Seni cetak grafis dekat dengan pengalaman langsung. Terutama ketika Anda mencoba bermain bersama teman-teman Komunitas Board Game Yogyakarta (Koboy). Materialitas permainan papan telah mengaktivasi berbagai variasi pengalaman. Permainan papan turut melibatkan medium sentuhan dan visual. Bentuk, berat, tekstur, dan struktur artefaknya secara keseluruhan memengaruhi pengalaman kita dalam bermain. Ilustrasi, desain grafis, desain komponennya, dan artistik boksnya adalah bagian dari seni tersendiri yang mampu menarik kita ke dalam permainan atau justru membuat kita menjauhinya. Tidak hanya itu, setiap judul permainan menumbuhkan momen-momen sosialitas dengan elemen narasi, aturan (rule), dan dorongan imajinasi para pemain. Sosialitas ini tentu tidak hanya ada pada permainan papan, tetapi saya yakin bahwa permainan papan sangat piawai dalam memungkinkan terjadinya interaksi yang menyenangkan.

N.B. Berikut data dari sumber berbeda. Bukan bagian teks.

lemma sign_pattern_convex_combination:
  fixes B :: "'b set" and P A :: "'b set \<Rightarrow> 'b \<Rightarrow> real"
  assumes fin: "finite B"
    and P_nonneg: "\<And>Q j. Q \<subseteq> B \<Longrightarrow> j \<in> Q \<Longrightarrow> P Q j \<ge> 0"
    and A_nonneg: "\<And>Q j. Q \<subseteq> B \<Longrightarrow> j \<in> B - Q \<Longrightarrow> A Q j \<ge> 0"
  obtains w where "\<forall>Q\<in>Pow B. w Q \<ge> 0" "sum w (Pow B) = 1"
    "\<forall>j\<in>B. (\<Sum>Q\<in>Pow B. w Q * P Q j) \<ge> 0"
    "\<forall>j\<in>B. (\<Sum>Q\<in>Pow B. w Q * A Q j) \<ge> 0 \<or> (\<Sum>Q\<in>Pow B. w Q * P Q j) = 0"
proof -
  define a where "a t j = (\<Sum>Q\<in>Pow B. multilinear_weight t B Q * A Q j)" for t j
  define b where "b t j = (\<Sum>Q\<in>Pow B. multilinear_weight t B Q * P Q j)" for t j
  \<comment> \<open>\<open>F t j = 0\<close> says exactly \<open>b t j \<ge> 0\<close> and (\<open>a t j \<ge> 0\<close> or \<open>b t j = 0\<close>).\<close>
  define F where "F t j = min (b t j) (max 0 (- a t j))" for t j
  have "continuous_on UNIV (\<lambda>t. multilinear_weight t B Q)" for Q
    unfolding multilinear_weight_def
    by (intro continuous_intros continuous_on_product_coordinates) auto
  then have "continuous_on UNIV (\<lambda>t. F t j)" for j
    unfolding F_def a_def b_def by (intro continuous_intros)
  then have cont: "continuous_map (powertop_real UNIV) euclideanreal (\<lambda>t. F t j)" for j
    by (simp add: euclidean_product_topology)
  have lower: "F t j \<le> 0" if "\<forall>k\<in>B. \<bar>t k\<bar> \<le> 1" "j \<in> B" "t j = -1" for t j
    using multilinear_average_nonneg_lower_face[OF fin that] A_nonneg by (simp add: F_def a_def)
  have upper: "F t j \<ge> 0" if "\<forall>k\<in>B. \<bar>t k\<bar> \<le> 1" "j \<in> B" "t j = 1" for t j
    using multilinear_average_nonneg_upper_face[OF fin that] P_nonneg by (simp add: F_def b_def)
  obtain t where t: "\<forall>k\<in>B. \<bar>t k\<bar> \<le> 1" "\<forall>j\<in>B. F t j = 0"
    by (rule Poincare_Miranda_finite[OF fin cont lower upper])
  have F_zero: "b t j \<ge> 0 \<and> (a t j \<ge> 0 \<or> b t j = 0)" if "j \<in> B" for j
    using t(2) that by (auto simp: F_def min_def max_def split: if_splits)
  show ?thesis
  proof (rule that[of "multilinear_weight t B"])
    show "\<forall>Q\<in>Pow B. 0 \<le> multilinear_weight t B Q"
      using t(1) multilinear_weight_nonneg by blast
    show "sum (multilinear_weight t B) (Pow B) = 1"
      using fin by (rule sum_multilinear_weight)
    show "\<forall>j\<in>B. (\<Sum>Q\<in>Pow B. multilinear_weight t B Q * P Q j) \<ge> 0"
      "\<forall>j\<in>B. (\<Sum>Q\<in>Pow B. multilinear_weight t B Q * A Q j) \<ge> 0 \<or>
        (\<Sum>Q\<in>Pow B. multilinear_weight t B Q * P Q j) = 0"
      using F_zero by (auto simp: a_def b_def)
  qed
qed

Bagian terakhir, terkait dengan produksi dan teknologi cetak, mengilustrasikan bagaimana karya seni cetak tercipta melalui teknik, alat, dan inovasi teknologi yang berkembang seiring waktu. Proses ini mencerminkan kemajuan dalam industri dan kreativitas seni cetak. Di ruang ini, terdapat sebuah area khusus yang didedikasikan untuk ini, pertama film dan ruang studio dengan aktivasi beberapa mesin cetak. Film yang ditayangkan menampilkan teknik seni cetak seperti sablon, litografi, aquatint, etsa, dan cukil burin dengan cara yang menghibur. Di area studio, ada berbagai jenis aktivasi mesin cetak, termasuk mesin etsa, mesin sablon, alat stempel, dan printer. Dengan menjelajahi bermacam rupa pada bagian ini, kita dapat melihat lebih dekat dan memahami ragam teknologi yang digunakan dalam seni cetak.